Ковыляет, поднимая прах…
Хром сверкает на машинах ярко,
Хром скрипит у многих на ногах.
С нами также был этюдник. Миландр трудился. Миландр писал Марну. Марну и меня — с ума сойти, сколько тюбиков извел он на нас. Я уже видела его зимнюю Марну, похожую на огромную лужу мучного клея; его весеннюю Марну — ни дать ни взять суп из протертого горошка. В настоящий момент он вырисовывал желе из айвы при помощи большого количества жженой сиены и пуццолановой красной. Сопя, кусая губы, высовывая язык, он наносил по покрытой корой красок палитре все новые кривые штрихи, толстые, как следы червей на сырой земле. Он ликующе растирал и накладывал на свое полотно краску.
— Получается, получается! — заверял он, когда я, возвращаясь после очередного круга по саду, склонялась над его шедевром.
Я тоже трудилась. С таким же подъемом. Я тащила на буксире мальчонку, старательно удерживая наше общее равновесие, и при этом пыталась вдохновиться, разжечь свое воображение. Такое высиживание колумбова яйца, как я это называю, всегда приводит к какому-нибудь потрясающему результату. Именно Колумб, Кристофор Колумб, мореплаватель, наводил меня на размышления. Разве этот сеньор не отправился в Америку от имени католических величеств и ради будущей славы протестантов Соединенных Штатов, полагая, что плывет в Индию? Он туда отправился — и это главное. Он ошибался с таким упорством, что в конце концов совершил одно из величайших географических открытий всех времен. Вот ободряющий итог. Когда идешь — не обманываешься, самое худшее — можешь сбиться с пути.

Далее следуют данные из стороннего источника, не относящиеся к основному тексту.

lemma exists_ear:
  assumes "is_cycle E D" "C \<inter> D \<noteq> {}" "\<not> D \<subseteq> C"
  shows "\<exists>Q y. Q \<noteq> [] \<and> distinct (Q @ [y]) \<and> y \<in> \<Union>C \<and> set Q \<inter> \<Union>C = {hd Q} \<and>
           path_edges (Q @ [y]) \<subseteq> E - C"
proof -
  obtain ds where ds: "distinct ds" "3 \<le> length ds" "D = cycle_edges ds" "D \<subseteq> E"
    using assms(1) unfolding is_cycle_def by blast
  then obtain x rest where "rest \<noteq> []" and dist: "distinct (x # rest)"
    and D: "D = cycle_edges (x # rest)" and x: "x \<in> \<Union>C" and exit: "{x, hd rest} \<notin> C"
    using cycle_exit_rotation[of ds C] assms(2,3) by auto
  obtain f where "f \<in> C" "f \<in> cycle_edges (x # rest)"
    using assms(2) D by blast
  then have "\<exists>v \<in> set rest. v \<in> \<Union>C"
    using cycle_edges_Cons_meets[OF _ \<open>rest \<noteq> []\<close>] exit by blast
  then obtain ts y ws where rest: "rest = ts @ y # ws" and y: "y \<in> \<Union>C"
    and ts: "\<forall>t \<in> set ts. t \<notin> \<Union>C"
    using split_list_first_prop[of rest "\<lambda>v. v \<in> \<Union>C"] by blast
  have "path_edges (x # ts @ [y]) \<subseteq> D"
    using path_edges_append_subset[of "x # ts @ [y]" ws] path_edges_subset_cycle_edges[of "x # rest"]
    by (simp add: D rest)
  moreover have "path_edges (x # ts @ [y]) \<inter> C = {}"
  proof -
    have "hd (ts @ [y]) = hd rest"
      by (cases ts) (simp_all add: rest)
    then have "path_edges (x # ts @ [y]) = insert {x, hd rest} (path_edges (ts @ [y]))"
      using path_edges_append[of "[x]" "ts @ [y]"] by simp
    moreover have "e \<notin> C" if e: "e \<in> path_edges (ts @ [y])" for e
    proof
      assume "e \<in> C"
      moreover obtain t where "t \<in> e" "t \<in> set ts"
        using path_edges_snoc_meets[OF e] by blast
      ultimately show False
        using ts by blast
    qed
    ultimately show ?thesis
      using exit by auto
  qed
  moreover have "distinct ((x # ts) @ [y])" "set (x # ts) \<inter> \<Union>C = {hd (x # ts)}"
    using dist x ts by (auto simp: rest)
  ultimately show ?thesis
    using ds(4) y by (intro exI[of _ "x # ts"] exI[of _ y]) auto
qed

lemma ear_cycle:
  assumes "C \<subseteq> E" "Q \<noteq> []" "B \<noteq> []" "distinct Q" "distinct B" "hd Q \<notin> set B"
    and ear: "set Q \<inter> \<Union>C = {hd Q}" "path_edges (Q @ [hd B]) \<subseteq> E - C"
    and arc: "set B \<subseteq> \<Union>C" "path_edges (B @ [hd Q]) \<subseteq> C"
  shows "is_cycle E (cycle_edges (Q @ B))"
    and "card (cycle_edges (Q @ B)) = length Q + length B"
    and "is_nontrivial_path (\<Union>C \<inter> \<Union>(cycle_edges (Q @ B))) (C \<inter> cycle_edges (Q @ B))"
proof -
  have edges: "cycle_edges (Q @ B) = path_edges (Q @ [hd B]) \<union> path_edges (B @ [hd Q])"
    using assms(2,3) by (rule cycle_edges_append)
  have "set Q \<inter> set B \<subseteq> set Q \<inter> \<Union>C"
    using arc(1) by blast
  then have "set Q \<inter> set B \<subseteq> {hd Q}"
    using ear(1) by simp
  then have "set Q \<inter> set B = {}"
    using assms(6) by blast
  then have dist: "distinct (Q @ B)"
    using assms(4,5) by simp
  have len: "3 \<le> length (Q @ B)"
  proof (rule ccontr)
    assume "\<not> 3 \<le> length (Q @ B)"
    then obtain q b where "Q = [q]" "B = [b]"
      using assms(2,3) by (cases Q; cases B) (auto simp: Suc_le_eq)
    then show False
      using ear(2) arc(2) by (auto simp: insert_commute)
  qed
  show "is_cycle E (cycle_edges (Q @ B))"
    unfolding is_cycle_def using edges ear(2) arc(2) assms(1) dist len by blast
  show "card (cycle_edges (Q @ B)) = length Q + length B"
    using card_cycle_edges[OF dist len] by simp
  have "C \<inter> cycle_edges (Q @ B) = path_edges (B @ [hd Q])"
    using edges ear(2) arc(2) by blast
  moreover have "\<Union>C \<inter> \<Union>(cycle_edges (Q @ B)) = set (B @ [hd Q])"
    using Union_cycle_edges[of "Q @ B"] assms(2) ear(1) arc(1) by auto
  moreover have "is_nontrivial_path (set (B @ [hd Q])) (path_edges (B @ [hd Q]))"
    unfolding is_nontrivial_path_def using assms(3,5,6)
    by (intro exI[of _ "B @ [hd Q]"]) (auto simp: Suc_le_eq)
  ultimately show "is_nontrivial_path (\<Union>C \<inter> \<Union>(cycle_edges (Q @ B))) (C \<inter> cycle_edges (Q @ B))"
    by simp
qed

lemma cycle_two_arcs:
  assumes "distinct cs" "x \<in> set cs" "y \<in> set cs" "x \<noteq> y"
  shows "\<exists>B1 B2. length B1 + length B2 = length cs \<and>
           (\<forall>B \<in> {B1, B2}. B \<noteq> [] \<and> distinct B \<and> hd B = y \<and> x \<notin> set B \<and> set B \<subseteq> set cs \<and>
              path_edges (B @ [x]) \<subseteq> cycle_edges cs)"
proof -
  obtain as bs where cs: "cs = as @ x # bs"
    using split_list[OF assms(2)] by blast
  then have "y \<in> set (bs @ as)"
    using assms(3,4) by auto
  then obtain us ws where usws: "bs @ as = us @ y # ws"
    using split_list by metis
  have "cycle_edges cs = cycle_edges ((x # us) @ (y # ws))"
    using cycle_edges_append_commute[of as "x # bs"] by (simp add: cs usws)
  also have "\<dots> = path_edges (x # us @ [y]) \<union> path_edges (y # ws @ [x])"
    using cycle_edges_append[of "x # us" "y # ws"] by simp
  finally have arcs: "path_edges ((y # rev us) @ [x]) \<subseteq> cycle_edges cs"
    "path_edges ((y # ws) @ [x]) \<subseteq> cycle_edges cs"
    using path_edges_rev[of "x # us @ [y]"] by auto
  have dist: "distinct (x # us @ y # ws)" and set: "set (x # us @ y # ws) = set cs"
    using assms(1) arg_cong[OF usws, of set] by (auto simp: cs simp flip: usws)
  have "length (y # ws) + length (y # rev us) = length cs"
    using arg_cong[OF usws, of length] by (simp add: cs)
  moreover have "y # ws \<noteq> [] \<and> distinct (y # ws) \<and> hd (y # ws) = y \<and> x \<notin> set (y # ws) \<and>
      set (y # ws) \<subseteq> set cs \<and> path_edges ((y # ws) @ [x]) \<subseteq> cycle_edges cs"
    using dist set arcs(2) by auto
  moreover have "y # rev us \<noteq> [] \<and> distinct (y # rev us) \<and> hd (y # rev us) = y \<and>
      x \<notin> set (y # rev us) \<and> set (y # rev us) \<subseteq> set cs \<and>
      path_edges ((y # rev us) @ [x]) \<subseteq> cycle_edges cs"
    using dist set arcs(1) by auto
  ultimately show ?thesis
    by blast
qed

lemma odd_cycle_crossing_cycle:
  assumes "odd_cycle E C" "is_cycle E D" "C \<inter> D \<noteq> {}" "\<not> D \<subseteq> C"
  shows "\<exists>C'. odd_cycle E C' \<and> is_nontrivial_path (\<Union>C \<inter> \<Union>C') (C \<inter> C')"
proof -
  obtain Q y where Q: "Q \<noteq> []" "distinct (Q @ [y])" "y \<in> \<Union>C" "set Q \<inter> \<Union>C = {hd Q}"
    "path_edges (Q @ [y]) \<subseteq> E - C"
    using exists_ear[OF assms(2-4)] by blast
  obtain cs where cs: "distinct cs" "3 \<le> length cs" "C = cycle_edges cs" "C \<subseteq> E" "odd (card C)"
    using assms(1) unfolding odd_cycle_def is_cycle_def by blast
  have "cs \<noteq> []"
    using cs(2) by auto
  then have Ucs: "\<Union>C = set cs"
    using cs(3) Union_cycle_edges by metis
  have "hd Q \<in> set Q \<inter> \<Union>C"
    using Q(4) by simp
  moreover have "y \<notin> set Q"
    using Q(2) by simp
  ultimately have "hd Q \<in> set cs" "y \<in> set cs" "hd Q \<noteq> y"
    using Q(3) Ucs by auto
  then obtain B1 B2 where lens: "length B1 + length B2 = length cs"
    and arcs: "\<forall>B \<in> {B1, B2}. B \<noteq> [] \<and> distinct B \<and> hd B = y \<and> hd Q \<notin> set B \<and>
                 set B \<subseteq> set cs \<and> path_edges (B @ [hd Q]) \<subseteq> cycle_edges cs"
    using cycle_two_arcs[OF cs(1)] by blast
  have closes_odd_cycle: "\<exists>C'. odd_cycle E C' \<and> is_nontrivial_path (\<Union>C \<inter> \<Union>C') (C \<inter> C')"
    if "B \<in> {B1, B2}" "odd (length Q + length B)" for B
  proof -
    have B: "B \<noteq> []" "distinct B" "hd B = y" "hd Q \<notin> set B" "set B \<subseteq> \<Union>C"
      "path_edges (B @ [hd Q]) \<subseteq> C"
      using arcs that(1) Ucs cs(3) by auto
    have ear: "path_edges (Q @ [hd B]) \<subseteq> E - C" "distinct Q"
      using Q(2,5) B(3) by auto
    note C' = ear_cycle[OF cs(4) Q(1) B(1) ear(2) B(2,4) Q(4) ear(1) B(5,6)]
    show ?thesis
      using C' that(2) unfolding odd_cycle_def by metis
  qed
  have "card C = length cs"
    using cs(1-3) card_cycle_edges by simp
  then have "odd (length Q + length B1) \<or> odd (length Q + length B2)"
    using lens cs(5) by presburger
  then show ?thesis
    using closes_odd_cycle by blast
qed

lemma two_of_three_meet:
  assumes "card F = 2" "A \<inter> F \<noteq> {}" "B \<inter> F \<noteq> {}" "C \<inter> F \<noteq> {}"
  shows "A \<inter> B \<noteq> {} \<or> A \<inter> C \<noteq> {} \<or> B \<inter> C \<noteq> {}"
proof -
  obtain f g where "F = {f, g}"
    using assms(1) by (meson card_2_iff)
  then show ?thesis
    using assms(2-4) by auto
qed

Отправившись в путь, я ковыляла и ковыляла, не замечая, что отпустила Клода, впрочем, довольного этим обстоятельством. Воспользовавшись свободой, он дополз до Люка, тоже не замечавшего ничего вокруг, и, схватив тюбик цинковых белил, выдавил их содержимое хорошенькими колбасками себе на штаны. А я шла вперед, не подозревая об этом ужасном происшествии, шла под развесистыми акациями, размышляя и разрабатывая план действий.
Ну-ка, подсчитаем наши тревоги. Во-первых, мои руки. Они становятся такими же расслабленными, как и ноги. Тайком схожу к врачу на консультацию. А пока под первым попавшимся предлогом (например, сломав палку) я могу вернуться к костылям. В конце концов такой способ передвижения большими вялыми скачками, такое качающееся распятие бросается в глаза, трогает сердца. Жалость… тем хуже! Она оружие. Эти молодцы заставят меня преуспеть в самоуничижении. Или в тактике…

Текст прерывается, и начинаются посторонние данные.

(* Let $F_2$ denote the free group of rank 2. Then the direct product $F_2\times F_2$, and hence any group containing a subgroup isomorphic to $F_2\times F_2$, does not embed in $GL(3,\mathbb{F})$ for any field $\mathbb{F}$. *)

theory Defs
  imports "HOL-Analysis.Analysis" "HOL-Algebra.Group"
begin

text \<open>Free group of rank 2, constructed as reduced words. A letter is a pair
  (g, e): g selects one of the two generators, e = True means the inverse of it.\<close>

type_synonym fg_letter = "bool \<times> bool"

definition fg_inv_letter :: "fg_letter \<Rightarrow> fg_letter" where
  "fg_inv_letter x = (fst x, \<not> snd x)"

fun fg_reduced :: "fg_letter list \<Rightarrow> bool" where
  "fg_reduced [] = True"
| "fg_reduced [x] = True"
| "fg_reduced (x # y # r) = (y \<noteq> fg_inv_letter x \<and> fg_reduced (y # r))"

fun fg_push :: "fg_letter \<Rightarrow> fg_letter list \<Rightarrow> fg_letter list" where
  "fg_push x [] = [x]"
| "fg_push x (y # ys) = (if y = fg_inv_letter x then ys else x # y # ys)"

definition free_group2 :: "fg_letter list monoid" where
  "free_group2 = \<lparr> carrier = {w. fg_reduced w},
                    monoid.mult = (\<lambda>u v. foldr fg_push u v),
                    one = [] \<rparr>"

definition GL3 :: "('a::field ^ 3 ^ 3) monoid" where
  "GL3 = \<lparr> carrier = {A. invertible A}, monoid.mult = (\<lambda>A B. A ** B), one = mat 1 \<rparr>"

end

theory Submission
  imports Defs "HOL-Algebra.Algebraic_Closure_Type"
begin

(* Suppose F2 x F2 embeds into GL(3,K); passing to the algebraic closure, K may be assumed
   algebraically closed. Let a, b generate the first factor and c, d the second. Their images
   A, B do not commute, yet both commute with the images C, D of c, d. For an eigenvalue t of
   the non-scalar matrix A, either A - t or its adjugate has rank one; being a polynomial in A,
   this rank-one matrix u f commutes with C and D, so u is a common eigenvector and f a common
   left eigenvector. If f u = 0, the flag span u < ker f is invariant under C and D. Otherwise
   C and D preserve span u + ker f: either they share an eigenvector in ker f, giving again an
   invariant flag, or every matrix commuting with both acts on ker f as a scalar, which would
   force A and B to commute. So C and D are simultaneously triangularizable. The triangular
   group is solvable of derived length 3, hence C and D satisfy a word of the third derived
   subgroup of F2 which is nontrivial in c, d, contradicting injectivity. *)

no_notation fps_nth (infixl "$" 75)

lemma matrix_mult_3_entry:
  "((A::'a::semiring_1^3^3) ** B)$i$j = A$i$1 * B$1$j + A$i$2 * B$2$j + A$i$3 * B$3$j"
  by (simp add: matrix_matrix_mult_def sum_3)

lemma matrix_vector_mult_3_entry:
  "((A::'a::semiring_1^3^3) *v u)$i = A$i$1 * u$1 + A$i$2 * u$2 + A$i$3 * u$3"
  by (simp add: matrix_vector_mult_def sum_3)

lemma vector_matrix_mult_3_entry:
  "((f::'a::comm_semiring_1^3) v* A)$j = f$1 * A$1$j + f$2 * A$2$j + f$3 * A$3$j"
  by (simp add: vector_matrix_mult_def sum_3 mult.commute)

lemma mat3_eq_iff:
  "(A::'a^3^3) = B \<longleftrightarrow>
     A$1$1 = B$1$1 \<and> A$1$2 = B$1$2 \<and> A$1$3 = B$1$3 \<and>
     A$2$1 = B$2$1 \<and> A$2$2 = B$2$2 \<and> A$2$3 = B$2$3 \<and>
     A$3$1 = B$3$1 \<and> A$3$2 = B$3$2 \<and> A$3$3 = B$3$3"
  by (simp add: vec_eq_iff forall_3)
lemma nonneg_combs_scale:
  assumes "x \<in> nonneg_combs V a" "0 \<le> r"
  shows "r *s x \<in> nonneg_combs V (r * a)"
proof -
  obtain c where c: "\<forall>v\<in>V. 0 \<le> c v" "sum c V = a" "x = (\<Sum>v\<in>V. c v *s v)"
    using assms(1) by (rule nonneg_combsE)
  show ?thesis
    by (rule nonneg_combsI[where c = "\<lambda>v. r * c v"])
      (use c assms(2) in \<open>auto simp: sum_distrib_left vec.scale_sum_right\<close>)
qed

lemma nonneg_combs_sum:
  assumes "finite I" "\<forall>i\<in>I. f i \<in> nonneg_combs V (a i)"
  shows "sum f I \<in> nonneg_combs V (sum a I)"
  using assms by (induction I rule: finite_induct) (auto intro: zero_in_nonneg_combs nonneg_combs_add)

lemma nonneg_combs_mono:
  assumes "finite V'" "V \<subseteq> V'"
  shows "nonneg_combs V a \<subseteq> nonneg_combs V' a"
proof
  fix x assume "x \<in> nonneg_combs V a"
  then obtain c where c: "\<forall>v\<in>V. 0 \<le> c v" "sum c V = a" "x = (\<Sum>v\<in>V. c v *s v)"
    by (rule nonneg_combsE)
  let ?d = "\<lambda>v. if v \<in> V then c v else 0"
  have "sum ?d V' = sum c V" "(\<Sum>v\<in>V'. ?d v *s v) = (\<Sum>v\<in>V. c v *s v)"
    by (rule sum.mono_neutral_cong_right; use assms in auto)+
  then show "x \<in> nonneg_combs V' a"
    by (intro nonneg_combsI[where c = ?d]) (use c in auto)
qed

Во-вторых: Как подхлестнуть моих подопечных? Работа, помощь, которую я должна оказывать Матильде, мальчонка держат меня дома шесть дней в неделю из семи. Письма мало что дают. Рассчитывать на то, что меня будут посещать, наивно. Как гласит поговорка: с глаз долой — из сердца вон. Выход один: наш век изобрел присутствие на расстоянии. Министерство связи дает напрокат готовую, уже натянутую паутину для ловли ваших мух. Надо, чтобы нам установили телефон. Деньги?.. Ну что же! Продам единственную драгоценность, которая у меня есть, — мамино обручальное кольцо.
В-третьих, наше жилище. Если обновить обстановку невозможно, лучше уж заменить ее пустотой. Наша столовая, она же рабочая комната, прозванная мною «первозданным хаосом», пропиталась запахом кухни и бедности. У нищенки, моя дорогая, никто не спрашивает совета. Спрячь бедность и изобрази аскетизм. Из прихожей, которая станет приличной, когда оттуда будут изгнаны рамочки Матильды, посетители пойдут прямо в твою комнату. Ее оголенность произведет на них впечатление. А когда установят телефон, поставь аппарат небрежно на пол у кровати.

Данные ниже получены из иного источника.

(* In any of the three models (Poisson multigraph, exponential, uniform) and for any fixed $k\ge1$, with probability tending to $1$ as $n\to\infty$, $T_k$ exists and uses only edges of cost at most $2k\log n/n$.
   Context: Exponential model: the complete graph $K_n$ with i.i.d. edge costs exponential with mean 1. Uniform model: $K_n$ with i.i.d. edge costs uniform on $(0,1)$. Poisson model: for each unordered pair of distinct vertices of $[n]$, infinitely many parallel edges whose costs are the points of an intensity-1 Poisson process on $(0,\infty)$, independent over pairs. In each model, $T_1$ is the minimum-cost spanning tree, and $T_k$ ($k\ge2$) is the minimum-cost spanning tree of the (multi)graph with the edges of $T_1,\dots,T_{k-1}$ deleted (it may fail to exist in the simple-graph models if that graph is disconnected). *)

theory Defs
  imports "HOL-Probability.Probability"
begin

text \<open>A (multi)graph is given by an index set of edges together with a map
  ends assigning to each edge its (two-element) set of end vertices, and a
  cost function w on edges.\<close>

definition adj :: "('e \<Rightarrow> nat set) \<Rightarrow> 'e set \<Rightarrow> nat \<Rightarrow> nat \<Rightarrow> bool" where
  "adj ends F u v \<longleftrightarrow> (\<exists>e\<in>F. ends e = {u, v} \<and> u \<noteq> v)"

definition connects :: "('e \<Rightarrow> nat set) \<Rightarrow> 'e set \<Rightarrow> nat \<Rightarrow> nat \<Rightarrow> bool" where
  "connects ends F u v \<longleftrightarrow> (adj ends F)\<^sup>*\<^sup>* u v"

definition is_spanning_tree :: "nat \<Rightarrow> ('e \<Rightarrow> nat set) \<Rightarrow> 'e set \<Rightarrow> bool" where
  "is_spanning_tree n ends F \<longleftrightarrow>
     finite F \<and> (\<forall>e\<in>F. ends e \<subseteq> {0..<n}) \<and>
     (\<forall>u\<in>{0..<n}. \<forall>v\<in>{0..<n}. connects ends F u v) \<and>
     (\<forall>e\<in>F. \<forall>u v. ends e = {u, v} \<longrightarrow> \<not> connects ends (F - {e}) u v)"

definition is_mst :: "nat \<Rightarrow> ('e \<Rightarrow> nat set) \<Rightarrow> ('e \<Rightarrow> real) \<Rightarrow> 'e set \<Rightarrow> 'e set \<Rightarrow> bool" where
  "is_mst n ends w A F \<longleftrightarrow> F \<subseteq> A \<and> is_spanning_tree n ends F \<and>
     (\<forall>F'. F' \<subseteq> A \<longrightarrow> is_spanning_tree n ends F' \<longrightarrow> sum w F \<le> sum w F')"

text \<open>The sequence is defined (Some) only
  when each of these minimum spanning trees exists and is unique (which holds
  almost surely whenever the MST exists, since costs are a.s. distinct).\<close>

fun msts :: "nat \<Rightarrow> ('e \<Rightarrow> nat set) \<Rightarrow> ('e \<Rightarrow> real) \<Rightarrow> 'e set \<Rightarrow> nat \<Rightarrow> 'e set list option" where
  "msts n ends w A 0 = Some []"
| "msts n ends w A (Suc k) =
     (case msts n ends w A k of
        None \<Rightarrow> None
      | Some Ts \<Rightarrow>
          (let B = A - \<Union>(set Ts) in
           if \<exists>!F. is_mst n ends w B F
           then Some (Ts @ [THE F. is_mst n ends w B F]) else None))"

definition Tk_exists_and_cheap ::
  "nat \<Rightarrow> ('e \<Rightarrow> nat set) \<Rightarrow> ('e \<Rightarrow> real) \<Rightarrow> 'e set \<Rightarrow> nat \<Rightarrow> real \<Rightarrow> bool" where
  "Tk_exists_and_cheap n ends w A k c \<longleftrightarrow>
     (case msts n ends w A k of
        None \<Rightarrow> False
      | Some Ts \<Rightarrow> (\<forall>e\<in>last Ts. w e \<le> c))"

definition vpairs :: "nat \<Rightarrow> (nat \<times> nat) set" where
  "vpairs n = {(i, j). i < j \<and> j < n}"

definition pair_ends :: "nat \<times> nat \<Rightarrow> nat set" where
  "pair_ends p = {fst p, snd p}"

definition exp_model :: "nat \<Rightarrow> (nat \<times> nat \<Rightarrow> real) measure" where
  "exp_model n = PiM (vpairs n) (\<lambda>_. density lborel (exponential_density 1))"

definition unif_model :: "nat \<Rightarrow> (nat \<times> nat \<Rightarrow> real) measure" where
  "unif_model n = PiM (vpairs n) (\<lambda>_. uniform_measure lborel {0<..<1})"

text \<open>Poisson model: for each pair p, i.i.d. Exp(1) inter-arrival times X(p,0),
  X(p,1), ...; the m-th parallel edge (p,m) between the endpoints of p has cost
  X(p,0)+...+X(p,m), so that the costs of the parallel edges at p are the points
  of an intensity-1 Poisson process on (0,\<infinity>), independently over pairs.\<close>

definition poisson_model :: "nat \<Rightarrow> ((nat \<times> nat) \<times> nat \<Rightarrow> real) measure" where
  "poisson_model n = PiM (vpairs n \<times> UNIV) (\<lambda>_. density lborel (exponential_density 1))"

definition poisson_edges :: "nat \<Rightarrow> ((nat \<times> nat) \<times> nat) set" where
  "poisson_edges n = vpairs n \<times> UNIV"

definition poisson_ends :: "(nat \<times> nat) \<times> nat \<Rightarrow> nat set" where
  "poisson_ends e = pair_ends (fst e)"

definition poisson_cost :: "((nat \<times> nat) \<times> nat \<Rightarrow> real) \<Rightarrow> (nat \<times> nat) \<times> nat \<Rightarrow> real" where
  "poisson_cost X e = (\<Sum>l\<le>snd e. X (fst e, l))"

definition thr :: "nat \<Rightarrow> nat \<Rightarrow> real" where
  "thr k n = 2 * real k * ln (real n) / real n"

end

theory Submission
  imports Defs "HOL-Real_Asymp.Real_Asymp"
begin

text \<open>Cut the costs up to c = 2k log n / n into k layers of width 2 log n / n. In each layer
  every pair of vertices is present independently with probability at least 3/2 log n / n (in
  the Poisson model already through its cheapest parallel edge), so a union bound over all cuts
  shows that with probability 1 - o(1) every layer connects the vertex set. Deterministically,
  once all k layers are connected and the edges of cost at most c are finitely many with
  distinct costs, each T_j exists, is the Kruskal tree of the remaining edges, and uses only
  edges of cost at most jc/k. In the Poisson model the finiteness condition can fail, up to
  null events, only if some pair has three inter-arrival times at most c, which has probability
  at most n^2 c^3 = o(1).\<close>

section \<open>Connectivity in multigraphs\<close>

lemma adj_sym: "adj ends F u v \<Longrightarrow> adj ends F v u"
  unfolding adj_def by (auto simp: insert_commute)

lemma adj_mono: "F \<subseteq> G \<Longrightarrow> adj ends F u v \<Longrightarrow> adj ends G u v"
  unfolding adj_def by auto

lemma connects_refl [simp]: "connects ends F u u"
  unfolding connects_def by simp

lemma connects_trans: "connects ends F u v \<Longrightarrow> connects ends F v w \<Longrightarrow> connects ends F u w"
  unfolding connects_def by (rule rtranclp_trans)

lemma connects_adj_trans: "connects ends F u v \<Longrightarrow> adj ends F v w \<Longrightarrow> connects ends F u w"
  unfolding connects_def by (rule rtranclp.rtrancl_into_rtrancl)

lemma connects_sym: "connects ends F u v \<Longrightarrow> connects ends F v u"
  unfolding connects_def
proof (induction rule: rtranclp_induct)
  case (step y z)
  then show ?case using adj_sym[OF step(2)] by (meson converse_rtranclp_into_rtranclp)
qed simp

lemma connects_mono: "F \<subseteq> G \<Longrightarrow> connects ends F u v \<Longrightarrow> connects ends G u v"
  unfolding connects_def by (metis adj_mono mono_rtranclp)

lemma connects_edge: "e \<in> F \<Longrightarrow> ends e = {u, v} \<Longrightarrow> u \<noteq> v \<Longrightarrow> connects ends F u v"
  unfolding connects_def adj_def by (rule r_into_rtranclp) auto

lemma connects_empty_imp_eq: "connects ends {} u v \<Longrightarrow> u = v"
  unfolding connects_def adj_def by (induction rule: rtranclp_induct) auto

lemma connects_doubleton:
  assumes "{a, b} = {u, v}" "connects ends F u v"
  shows "connects ends F a b"
  using assms connects_sym by (metis doubleton_eq_iff)

lemma connects_Diff_edge:
  assumes "connects ends F x y" "\<not> connects ends (F - {g}) x y" "ends g = {a, b}"
  shows "(connects ends (F - {g}) x a \<and> connects ends (F - {g}) b y) \<or>
         (connects ends (F - {g}) x b \<and> connects ends (F - {g}) a y)"
proof -
  let ?C = "connects ends (F - {g})"
  have "?C x y \<or> (?C x a \<and> ?C b y) \<or> (?C x b \<and> ?C a y)"
    using assms(1) unfolding connects_def[of ends F]
  proof (induction rule: rtranclp_induct)
    case (step y z)
    from step(2) obtain e where e: "e \<in> F" "ends e = {y, z}" "y \<noteq> z" unfolding adj_def by auto
    show ?case
    proof (cases "e = g")
      case True
      then have "(y = a \<and> z = b) \<or> (y = b \<and> z = a)" using e assms(3) by (auto simp: doubleton_eq_iff)
      then show ?thesis using step(3) by (metis connects_refl)
    next
      case False
      then have "adj ends (F - {g}) y z" using e unfolding adj_def by auto
      then show ?thesis using step(3) connects_adj_trans by metis
    qed
  qed simp
  then show ?thesis using assms(2) by blast
qed

lemma connects_crossing_edge:
  assumes "connects ends F x y" "x \<in> S" "y \<notin> S"
  shows "\<exists>e\<in>F. \<exists>a b. ends e = {a, b} \<and> a \<in> S \<and> b \<notin> S"
  using assms unfolding connects_def
proof (induction rule: rtranclp_induct)
  case (step y z)
  from step(2) obtain e where "e \<in> F" "ends e = {y, z}" unfolding adj_def by auto
  then show ?case using step by (cases "y \<in> S") blast+
qed simp

lemma connects_minimal_subset:
  assumes "connects ends H u v" "finite H"
  obtains H0 where "H0 \<subseteq> H" "connects ends H0 u v"
    "\<And>g. g \<in> H0 \<Longrightarrow> \<not> connects ends (H0 - {g}) u v"
proof -
  define P where "P = (\<lambda>H'. H' \<subseteq> H \<and> connects ends H' u v)"
  obtain H0 where H0: "P H0" "\<And>H'. P H' \<Longrightarrow> card H0 \<le> card H'"
    using ex_has_least_nat[of P H card] assms unfolding P_def by blast
  have "finite H0" using H0(1) assms(2) finite_subset unfolding P_def by blast
  show ?thesis
  proof (rule that)
    show "H0 \<subseteq> H" "connects ends H0 u v" using H0(1) unfolding P_def by auto
    fix g assume "g \<in> H0"
    show "\<not> connects ends (H0 - {g}) u v"
    proof
      assume "connects ends (H0 - {g}) u v"
      then have "P (H0 - {g})" using H0(1) unfolding P_def by blast
      then have "card H0 \<le> card (H0 - {g})" by (rule H0(2))
      then show False using card_Diff1_less[OF \<open>finite H0\<close> \<open>g \<in> H0\<close>] by simp
    qed
  qed
qed

definition proper_edges :: "nat \<Rightarrow> ('e \<Rightarrow> nat set) \<Rightarrow> 'e set \<Rightarrow> bool" where
  "proper_edges n ends A \<longleftrightarrow> (\<forall>e\<in>A. \<exists>u v. u \<noteq> v \<and> u < n \<and> v < n \<and> ends e = {u, v})"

— Замарашка! Тюбик стоит триста франков. А ты что смотришь, Орглез?
Люк орал. Клод плакал навзрыд, ухудшая положение тем, что пытался стереть краску. Он разукрасился, как Пьеро. Я поспешила к ним. Нашла в этюднике плоскую бутылочку скипидара и, пожертвовав носовым платком, оттерла самые большие пятна. Потом заставила замолчать мазилу художника, продолжавшего оплакивать свои цинковые белила.